What you are asked to do: The whole listing is to be retyped exactly as it appears.
* * *
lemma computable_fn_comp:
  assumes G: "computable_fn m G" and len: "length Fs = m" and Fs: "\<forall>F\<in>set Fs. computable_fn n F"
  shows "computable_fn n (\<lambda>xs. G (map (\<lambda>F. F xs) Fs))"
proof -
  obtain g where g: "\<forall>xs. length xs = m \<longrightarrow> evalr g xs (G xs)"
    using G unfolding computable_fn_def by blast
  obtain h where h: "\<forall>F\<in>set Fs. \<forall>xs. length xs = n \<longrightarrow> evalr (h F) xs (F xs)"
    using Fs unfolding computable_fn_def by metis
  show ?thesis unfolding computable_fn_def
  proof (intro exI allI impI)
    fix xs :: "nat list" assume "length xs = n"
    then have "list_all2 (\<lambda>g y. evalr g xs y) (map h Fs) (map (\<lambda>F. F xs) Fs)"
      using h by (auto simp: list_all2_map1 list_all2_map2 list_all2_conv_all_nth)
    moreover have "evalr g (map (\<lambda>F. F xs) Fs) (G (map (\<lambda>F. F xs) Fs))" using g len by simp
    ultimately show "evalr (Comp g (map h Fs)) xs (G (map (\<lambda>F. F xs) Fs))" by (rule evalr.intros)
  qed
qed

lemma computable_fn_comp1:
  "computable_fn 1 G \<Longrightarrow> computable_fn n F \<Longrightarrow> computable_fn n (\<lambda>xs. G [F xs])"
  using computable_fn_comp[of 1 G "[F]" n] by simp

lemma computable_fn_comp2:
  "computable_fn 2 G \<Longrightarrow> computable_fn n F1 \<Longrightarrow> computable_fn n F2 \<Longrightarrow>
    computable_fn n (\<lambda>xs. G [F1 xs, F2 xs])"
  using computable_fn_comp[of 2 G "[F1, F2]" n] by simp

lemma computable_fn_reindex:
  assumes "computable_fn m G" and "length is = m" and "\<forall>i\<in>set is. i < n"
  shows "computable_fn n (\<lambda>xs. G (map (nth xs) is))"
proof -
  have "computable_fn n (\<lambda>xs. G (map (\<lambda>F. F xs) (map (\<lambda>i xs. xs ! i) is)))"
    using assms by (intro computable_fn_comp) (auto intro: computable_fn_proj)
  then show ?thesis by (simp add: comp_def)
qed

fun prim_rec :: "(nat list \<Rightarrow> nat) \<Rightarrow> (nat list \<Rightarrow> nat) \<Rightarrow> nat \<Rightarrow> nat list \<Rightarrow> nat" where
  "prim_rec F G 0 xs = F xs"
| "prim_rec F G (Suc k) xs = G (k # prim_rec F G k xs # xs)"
* * *
Task solution:
lemma computable_fn_comp:
  assumes G: "computable_fn m G" and len: "length Fs = m" and Fs: "\<forall>F\<in>set Fs. computable_fn n F"
  shows "computable_fn n (\<lambda>xs. G (map (\<lambda>F. F xs) Fs))"
proof -
  obtain g where g: "\<forall>xs. length xs = m \<longrightarrow> evalr g xs (G xs)"
    using G unfolding computable_fn_def by blast
  obtain h where h: "\<forall>F\<in>set Fs. \<forall>xs. length xs = n \<longrightarrow> evalr (h F) xs (F xs)"
    using Fs unfolding computable_fn_def by metis
  show ?thesis unfolding computable_fn_def
  proof (intro exI allI impI)
    fix xs :: "nat list" assume "length xs = n"
    then have "list_all2 (\<lambda>g y. evalr g xs y) (map h Fs) (map (\<lambda>F. F xs) Fs)"
      using h by (auto simp: list_all2_map1 list_all2_map2 list_all2_conv_all_nth)
    moreover have "evalr g (map (\<lambda>F. F xs) Fs) (G (map (\<lambda>F. F xs) Fs))" using g len by simp
    ultimately show "evalr (Comp g (map h Fs)) xs (G (map (\<lambda>F. F xs) Fs))" by (rule evalr.intros)
  qed
qed

lemma computable_fn_comp1:
  "computable_fn 1 G \<Longrightarrow> computable_fn n F \<Longrightarrow> computable_fn n (\<lambda>xs. G [F xs])"
  using computable_fn_comp[of 1 G "[F]" n] by simp

lemma computable_fn_comp2:
  "computable_fn 2 G \<Longrightarrow> computable_fn n F1 \<Longrightarrow> computable_fn n F2 \<Longrightarrow>
    computable_fn n (\<lambda>xs. G [F1 xs, F2 xs])"
  using computable_fn_comp[of 2 G "[F1, F2]" n] by simp

lemma computable_fn_reindex:
  assumes "computable_fn m G" and "length is = m" and "\<forall>i\<in>set is. i < n"
  shows "computable_fn n (\<lambda>xs. G (map (nth xs) is))"
proof -
  have "computable_fn n (\<lambda>xs. G (map (\<lambda>F. F xs) (map (\<lambda>i xs. xs ! i) is)))"
    using assms by (intro computable_fn_comp) (auto intro: computable_fn_proj)
  then show ?thesis by (simp add: comp_def)
qed

fun prim_rec :: "(nat list \<Rightarrow> nat) \<Rightarrow> (nat list \<Rightarrow> nat) \<Rightarrow> nat \<Rightarrow> nat list \<Rightarrow> nat" where
  "prim_rec F G 0 xs = F xs"
| "prim_rec F G (Suc k) xs = G (k # prim_rec F G k xs # xs)"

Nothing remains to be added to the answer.